In low-income countries where there is trouble in infection control practices and antibiotic use policies, high prevalence of ESBL and carbapenem resistance seems inevitable. This causes a vicious cycle of wide-spectrum antibiotic use and consequent resistance. It is very hard to restrict the use of carbapenems because they are only option for infections caused by ESBL-positive microorganisms. At present there is no solution to this dilemma. It seems that, especially in these settings, the only solution is compliance to infection control precautions such as hand-washing, sterilization, and disinfection, as well as standard and contact precautions.

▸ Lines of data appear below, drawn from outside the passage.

(* Let $N\ge 4$ and let $\mathbf M$ be an $(N+1,2)$-admissible matrix whose core matrix $\widetilde{\mathbf M}$ is tridiagonal (for a suitable ordering of the transient states). Then $\mathbf M$ is micro-reversible, i.e. if $(\mu,\widetilde{\mathbf w},\widetilde{\mathbf z})$ is its characteristic triple then $\widetilde w_i\widetilde M_{ij}\widetilde z_j=\widetilde w_j\widetilde M_{ji}\widetilde z_i$ for all transient indices $i,j$.
   Context: Matrices are column-stochastic (nonnegative entries, columns summing to $1$). For $1\le k<N-1$, an $(N+1)\times(N+1)$ column-stochastic matrix $\mathbf M$ is $(N+1,k)$-admissible if, after a simultaneous permutation of rows and columns, $\mathbf M=\begin{pmatrix}\widetilde{\mathbf M}&\mathbf 0\\ \mathbf A&\mathbf I\end{pmatrix}$ with $\mathbf I$ the $k\times k$ identity, $\widetilde{\mathbf M}$ an irreducible $(N+1-k)\times(N+1-k)$ matrix (the core matrix, indexed by the transient states), and $\mathbf A$ a $k\times(N+1-k)$ matrix with no identically zero row. The core is strictly substochastic; let $\mu=\rho(\widetilde{\mathbf M})\in(0,1)$ be its spectral radius and let $\widetilde{\mathbf w},\widetilde{\mathbf z}$ be the unique positive left and right eigenvectors of $\widetilde{\mathbf M}$ for $\mu$, normalised by $\langle\widetilde{\mathbf w},\mathbf 1\rangle=\langle\widetilde{\mathbf w},\widetilde{\mathbf z}\rangle=1$; $(\mu,\widetilde{\mathbf w},\widetilde{\mathbf z})$ is the characteristic triple. $\mathbf M$ is called micro-reversible if $\widetilde w_i\widetilde M_{ij}\widetilde z_j=\widetilde w_j\widetilde M_{ji}\widetilde z_i$ for all transient $i,j$. *)

theory Defs
  imports "Jordan_Normal_Form.Spectral_Radius"
begin

definition col_stochastic :: "nat \<Rightarrow> (nat \<Rightarrow> nat \<Rightarrow> real) \<Rightarrow> bool" where
  "col_stochastic N M \<longleftrightarrow>
     (\<forall>i\<le>N. \<forall>j\<le>N. M i j \<ge> 0) \<and> (\<forall>j\<le>N. (\<Sum>i\<le>N. M i j) = 1)"

definition irreducible_on :: "nat set \<Rightarrow> (nat \<Rightarrow> nat \<Rightarrow> real) \<Rightarrow> bool" where
  "irreducible_on T M \<longleftrightarrow>
     (\<forall>i\<in>T. \<forall>j\<in>T. (i, j) \<in> {(a, b). a \<in> T \<and> b \<in> T \<and> M a b \<noteq> 0}\<^sup>*)"

text \<open>(N+1,k)-admissibility with T the set of transient states (the complement
  of T in 0..N being the k absorbing states). After a simultaneous permutation
  putting T first, M has block form [[core, 0],[A, I]]: this is exactly that the
  columns of absorbing states are unit columns, A has no zero row, and the core
  restricted to T x T is irreducible.\<close>

definition admissible_wrt :: "nat \<Rightarrow> nat \<Rightarrow> (nat \<Rightarrow> nat \<Rightarrow> real) \<Rightarrow> nat set \<Rightarrow> bool" where
  "admissible_wrt N k M T \<longleftrightarrow>
     1 \<le> k \<and> k < N - 1 \<and> col_stochastic N M \<and>
     T \<subseteq> {..N} \<and> card ({..N} - T) = k \<and>
     (\<forall>j\<in>{..N} - T. \<forall>i\<le>N. M i j = (if i = j then 1 else 0)) \<and>
     (\<forall>i\<in>{..N} - T. \<exists>j\<in>T. M i j \<noteq> 0) \<and>
     irreducible_on T M"

definition core_mat :: "(nat \<Rightarrow> nat \<Rightarrow> real) \<Rightarrow> nat set \<Rightarrow> complex mat" where
  "core_mat M T = mat (card T) (card T)
     (\<lambda>(a, b). complex_of_real (M (sorted_list_of_set T ! a) (sorted_list_of_set T ! b)))"

definition tridiagonal_on :: "nat set \<Rightarrow> (nat \<Rightarrow> nat \<Rightarrow> real) \<Rightarrow> bool" where
  "tridiagonal_on T M \<longleftrightarrow>
     (\<exists>\<sigma>. bij_betw \<sigma> {..<card T} T \<and>
        (\<forall>a<card T. \<forall>b<card T. (a + 1 < b \<or> b + 1 < a) \<longrightarrow> M (\<sigma> a) (\<sigma> b) = 0))"

definition char_triple ::
  "(nat \<Rightarrow> nat \<Rightarrow> real) \<Rightarrow> nat set \<Rightarrow> real \<Rightarrow> (nat \<Rightarrow> real) \<Rightarrow> (nat \<Rightarrow> real) \<Rightarrow> bool" where
  "char_triple M T \<mu> w z \<longleftrightarrow>
     \<mu> = spectral_radius (core_mat M T) \<and>
     (\<forall>i\<in>T. w i > 0) \<and> (\<forall>i\<in>T. z i > 0) \<and>
     (\<forall>j\<in>T. (\<Sum>i\<in>T. w i * M i j) = \<mu> * w j) \<and>
     (\<forall>i\<in>T. (\<Sum>j\<in>T. M i j * z j) = \<mu> * z i) \<and>
     (\<Sum>i\<in>T. w i) = 1 \<and> (\<Sum>i\<in>T. w i * z i) = 1"

definition micro_reversible_wrt ::
  "(nat \<Rightarrow> nat \<Rightarrow> real) \<Rightarrow> nat set \<Rightarrow> (nat \<Rightarrow> real) \<Rightarrow> (nat \<Rightarrow> real) \<Rightarrow> bool" where
  "micro_reversible_wrt M T w z \<longleftrightarrow>
     (\<forall>i\<in>T. \<forall>j\<in>T. w i * M i j * z j = w j * M j i * z i)"

end

theory Submission
  imports Defs
begin

text \<open>Put \<open>F i j = w\<^sub>i M\<^sub>i\<^sub>j z\<^sub>j - w\<^sub>j M\<^sub>j\<^sub>i z\<^sub>i\<close>. This matrix is antisymmetric, and the two
  eigenvector equations for \<open>\<mu>\<close> say exactly that its row sums vanish. It inherits the
  tridiagonal pattern of the core, and an antisymmetric tridiagonal matrix with zero row sums
  is zero: once the rows above row \<open>a\<close> vanish, antisymmetry leaves \<open>F a (a+1)\<close> as the
  only possibly nonzero entry of row \<open>a\<close>, so it equals the row sum \<open>0\<close>.\<close>

lemma tridiagonal_antisym_zero_row_sums_eq_0:
  fixes G :: "nat \<Rightarrow> nat \<Rightarrow> 'a::real_vector"
  assumes antisym: "\<And>a b. a < n \<Longrightarrow> b < n \<Longrightarrow> G a b = - G b a"
    and tridiagonal: "\<And>a b. a < n \<Longrightarrow> b < n \<Longrightarrow> a + 1 < b \<Longrightarrow> G a b = 0"
    and row_sum: "\<And>a. a < n \<Longrightarrow> (\<Sum>b<n. G a b) = 0"
    and "a < n" "b < n"
  shows "G a b = 0"
proof -
  have "\<forall>b<n. G a b = 0" if "a < n" for a
    using that
  proof (induction a rule: less_induct)
    case (less a)
    have off_super: "G a b = 0" if "b < n" "b \<noteq> a + 1" for b
    proof -
      consider "b < a" | "b = a" | "a + 1 < b" using \<open>b \<noteq> a + 1\<close> by linarith
      then show ?thesis
      proof cases
        case 1
        then have "G b a = 0" using less \<open>b < n\<close> by blast
        moreover have "G a b = - G b a" using antisym less.prems \<open>b < n\<close> by blast
        ultimately show ?thesis by simp
      next
        case 2
        then have "G a a = - G a a" using antisym less.prems by blast
        then show ?thesis using 2 by (simp add: eq_neg_iff_add_eq_0 scaleR_2[symmetric])
      next
        case 3
        then show ?thesis using tridiagonal less.prems \<open>b < n\<close> by blast
      qed
    qed
    have "G a (a + 1) = 0" if "a + 1 < n"
    proof -
      have "(\<Sum>b<n. G a b) = (\<Sum>b\<in>{a + 1}. G a b)"
        using that off_super by (intro sum.mono_neutral_right) auto
      then show ?thesis using row_sum less.prems by simp
    qed
    then show ?case using off_super by fastforce
  qed
  then show ?thesis using assms(4,5) by blast
qed

lemma eigenvectors_balance_row_sum_eq_0:
  fixes M :: "'i \<Rightarrow> 'i \<Rightarrow> 'a::comm_ring"
  assumes left: "(\<Sum>j\<in>T. w j * M j i) = \<mu> * w i"
    and right: "(\<Sum>j\<in>T. M i j * z j) = \<mu> * z i"
  shows "(\<Sum>j\<in>T. w i * M i j * z j - w j * M j i * z i) = 0"
proof -
  have "(\<Sum>j\<in>T. w i * M i j * z j - w j * M j i * z i)
      = w i * (\<Sum>j\<in>T. M i j * z j) - z i * (\<Sum>j\<in>T. w j * M j i)"
    by (simp add: sum_subtractf sum_distrib_left algebra_simps)
  also have "\<dots> = 0"
    using left right by (simp add: algebra_simps)
  finally show ?thesis .
qed

theorem lemma2:
  fixes N :: nat and M :: "nat \<Rightarrow> nat \<Rightarrow> real" and T :: "nat set"
    and \<mu> :: real and w z :: "nat \<Rightarrow> real"
  assumes "N \<ge> 4"
    and "admissible_wrt N 2 M T"
    and "tridiagonal_on T M"
    and "char_triple M T \<mu> w z"
  shows "micro_reversible_wrt M T w z"
proof -
  obtain \<sigma> where \<sigma>: "bij_betw \<sigma> {..<card T} T"
    and tri: "\<And>a b. a < card T \<Longrightarrow> b < card T \<Longrightarrow> a + 1 < b \<or> b + 1 < a \<Longrightarrow> M (\<sigma> a) (\<sigma> b) = 0"
    using assms(3) unfolding tridiagonal_on_def by blast
  define F where "F i j = w i * M i j * z j - w j * M j i * z i" for i j
  have row_sum: "(\<Sum>b<card T. F (\<sigma> a) (\<sigma> b)) = 0" if "a < card T" for a
  proof -
    have "\<sigma> a \<in> T" using \<sigma> that by (blast dest: bij_betwE)
    then have "(\<Sum>j\<in>T. F (\<sigma> a) j) = 0"
      using assms(4) unfolding F_def char_triple_def
      by (intro eigenvectors_balance_row_sum_eq_0) auto
    then show ?thesis by (simp add: sum.reindex_bij_betw[OF \<sigma>])
  qed
  have flux_zero: "F (\<sigma> a) (\<sigma> b) = 0" if "a < card T" "b < card T" for a b
  proof (rule tridiagonal_antisym_zero_row_sums_eq_0[where G = "\<lambda>a b. F (\<sigma> a) (\<sigma> b)"])
    show "F (\<sigma> a) (\<sigma> b) = - F (\<sigma> b) (\<sigma> a)" for a b
      by (simp add: F_def)
    show "F (\<sigma> a) (\<sigma> b) = 0" if "a < card T" "b < card T" "a + 1 < b" for a b
      using tri that by (simp add: F_def)
  qed (use row_sum that in auto)
  show ?thesis
    unfolding micro_reversible_wrt_def
  proof (intro ballI)
    fix i j
    assume "i \<in> T" "j \<in> T"
    then obtain a b where "a < card T" "b < card T" "i = \<sigma> a" "j = \<sigma> b"
      using \<sigma> unfolding bij_betw_def by blast
    then show "w i * M i j * z j = w j * M j i * z i"
      using flux_zero by (simp add: F_def)
  qed
qed

end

The limitations of our study are that it was performed at a single medical center, thus the results may not be representative. In addition, because it was retrospective, disease severity indexes could not be used and further evaluation of mortality could not be done.

Conclusions

The high prevalence of CRKP and the risk factors revealed in our study highlight the urgent need to develop effective strategies. Prior use of antibiotics is the main risk factor found at the majority of the studies and relevant precautions should be a priority. Limiting use of certain antimicrobials, specifically fluoroquinolones, cephalosporins, and carbapenems, along with infection control practices, may be effective strategies.